So i was given this question just to try for practice to test our knowledge and i'm really confused on how to go about this question. How should i go about this question, i'm confused with the greek notation and also on how to approach it.

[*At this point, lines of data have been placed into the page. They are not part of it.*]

(* Let $P$ be a poset with $n$ elements that has a unique minimal element, and suppose this minimal element is covered by exactly one element. Then $P$ has exactly $2(n-1)!-(n-2)!$ quasi-tangled labelings.
   Context: A labeling is a bijection $L:P\to[n]$; it is a linear extension if $x<_P y$ implies $L(x)<L(y)$. Promotion $\partial$: for non-maximal $x$, the $L$-successor of $x$ is the element greater than $x$ with minimal label; the promotion chain is $v_1=L^{-1}(1)$, $v_{i+1}$ the $L$-successor of $v_i$, ending at the first maximal $v_m$; $\partial(L)(x)=L(x)-1$ off the chain, $\partial(L)(v_i)=L(v_{i+1})-1$ for $i<m$, $\partial(L)(v_m)=n$. The sorting time of $L$ is the least $k\ge0$ with $\partial^k(L)$ a linear extension; $L$ is quasi-tangled if its sorting time is $n-2$. *)

theory Defs
  imports Main
begin

definition pless :: "('a \<times> 'a) set \<Rightarrow> 'a \<Rightarrow> 'a \<Rightarrow> bool" where
  "pless R x y \<longleftrightarrow> (x, y) \<in> R \<and> x \<noteq> y"

definition is_minimal :: "'a set \<Rightarrow> ('a \<times> 'a) set \<Rightarrow> 'a \<Rightarrow> bool" where
  "is_minimal P R x \<longleftrightarrow> x \<in> P \<and> \<not> (\<exists>y\<in>P. pless R y x)"

definition is_maximal :: "'a set \<Rightarrow> ('a \<times> 'a) set \<Rightarrow> 'a \<Rightarrow> bool" where
  "is_maximal P R x \<longleftrightarrow> x \<in> P \<and> \<not> (\<exists>y\<in>P. pless R x y)"

text \<open>y covers x\<close>
definition covers :: "'a set \<Rightarrow> ('a \<times> 'a) set \<Rightarrow> 'a \<Rightarrow> 'a \<Rightarrow> bool" where
  "covers P R x y \<longleftrightarrow> x \<in> P \<and> y \<in> P \<and> pless R x y \<and> \<not> (\<exists>z\<in>P. pless R x z \<and> pless R z y)"

text \<open>Labelings: bijections P -> {1..n}, n = card P; normalised to 0 outside P so that
  they can be counted as functions.\<close>
definition labelings :: "'a set \<Rightarrow> ('a \<Rightarrow> nat) set" where
  "labelings P = {L. bij_betw L P {1..card P} \<and> (\<forall>x. x \<notin> P \<longrightarrow> L x = 0)}"
(* Let $T=(T_1,\dots,T_m)$ be algebraically independent over $F$, let $g\in F[T]$ be irreducible, and put $F[g]=\mathrm{Frac}(F[T]/(g))$. Let $\phi$ be a quasilinear $p$-form over $F$ and $f\in F[T]$ with $f\in D(\phi_{F(T)})$. If $\phi_{F[g]}$ is anisotropic, then $\mathrm{mult}_g(f)\equiv0\pmod p$.
   Context: Let $p$ be a prime and $F$ a field of characteristic $p$. A quasilinear $p$-form over a field $K$ of char. $p$ is a map $\phi\colon V\to K$ on a nonzero finite-dimensional $K$-vector space, homogeneous of degree $p$ and additive; $D(\phi)$ is its value set; $\phi_K$ the scalar extension; anisotropic means $\phi(v)\ne0$ for all $v\ne0$. $\mathrm{mult}_g(f)$ is the largest $s\ge0$ with $f=g^sh$ for some $h\in F[T]$ (with $\mathrm{mult}_g(0)=+\infty$). *)

theory Defs
  imports Main "HOL-Library.Poly_Mapping" "HOL-Library.Extended_Nat"
    "HOL-Computational_Algebra.Fraction_Field" "HOL-Computational_Algebra.Factorial_Ring"
begin

text \<open>Polynomial ring F[T] in the finitely many algebraically independent variables
  T_v, v ranging over a finite (linearly ordered) type 'v; m = CARD('v).\<close>
type_synonym ('v, 'a) mpoly = "('v \<Rightarrow>\<^sub>0 nat) \<Rightarrow>\<^sub>0 'a"

definition mconst :: "'a::zero \<Rightarrow> ('v, 'a) mpoly" where
  "mconst c = Poly_Mapping.single 0 c"

definition quasilinear_form :: "nat \<Rightarrow> (('i::finite \<Rightarrow> 'a::field) \<Rightarrow> 'a) \<Rightarrow> bool" where
  "quasilinear_form p \<phi> \<longleftrightarrow>
     (\<forall>x y. \<phi> (\<lambda>i. x i + y i) = \<phi> x + \<phi> y) \<and> (\<forall>c x. \<phi> (\<lambda>i. c * x i) = c ^ p * \<phi> x)"

text \<open>Scalar extension phi_K along a field embedding / algebra map e : F -> K,
  computed on the standard basis of F^n (extended K-linearly to K^n).\<close>
definition form_ext :: "nat \<Rightarrow> ('a \<Rightarrow> 'k::field) \<Rightarrow> (('i::finite \<Rightarrow> 'a::field) \<Rightarrow> 'a)
     \<Rightarrow> ('i \<Rightarrow> 'k) \<Rightarrow> 'k" where
  "form_ext p e \<phi> x = (\<Sum>i\<in>UNIV. e (\<phi> (\<lambda>j. if j = i then 1 else 0)) * x i ^ p)"

definition value_set :: "(('i \<Rightarrow> 'k) \<Rightarrow> 'k) \<Rightarrow> 'k set" where
  "value_set \<psi> = range \<psi>"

In this question, we will define a sequence of numbers $$L_n$$ for $$n \geq 1$$, and prove something about it. The differences from what you may have seen so far are: * It has two base cases, * And the definition of $$L_{n+1}$$ involves both $$L_n$$ and $$L_{n-1}$$. * You will still do "induction", but you need to check //two// base cases! ** Let $$L_1 = 1, L_2 = 3$$. ** And with $$n \geq 2$$, define $$L_{n+1} = L_n + L_{n-1}$$. ** Prove that $$L_n = \varphi^n + \Phi^n$$, where $$\varphi = \frac{1 + \sqrt{5}}{2}$$ and $$\Phi = \frac{1 - \sqrt{5}}{2}$$. * //Note: The quantity $$\varphi$$ is referred to as the "golden ratio", and the quantity $$\Phi$$ is related to it. The Greek letters $$\varphi$$ and $$\Phi$$ are both called "phi", but the first is lower-case and the second is upper-case.// * //Hint: In order to do this question, you should check that $$\varphi$$ and $$\Phi$$ are the two roots of the equation $$x^2 = x+1$$. This may help in the inductive step...//
Hint
So $L_n = \phi^n + \Phi^n$ and $L_{n-1} = \phi^{n-1} + \Phi^{n-1}$, and we have $$ L_{n+1} = L_n + L_{n-1} = \phi^n + \Phi^n + \phi^{n-1} + \Phi^{n-1} = \phi^{n-1} (\phi+1) + \Phi^{n-1} (\Phi+1) $$ and now use the fact that $\phi$ and $\Phi$ solve $x^2 = x+1$, so $\phi+1=\phi^2$ and $\Phi+1 = \Phi^2$.
Can you finish the proof?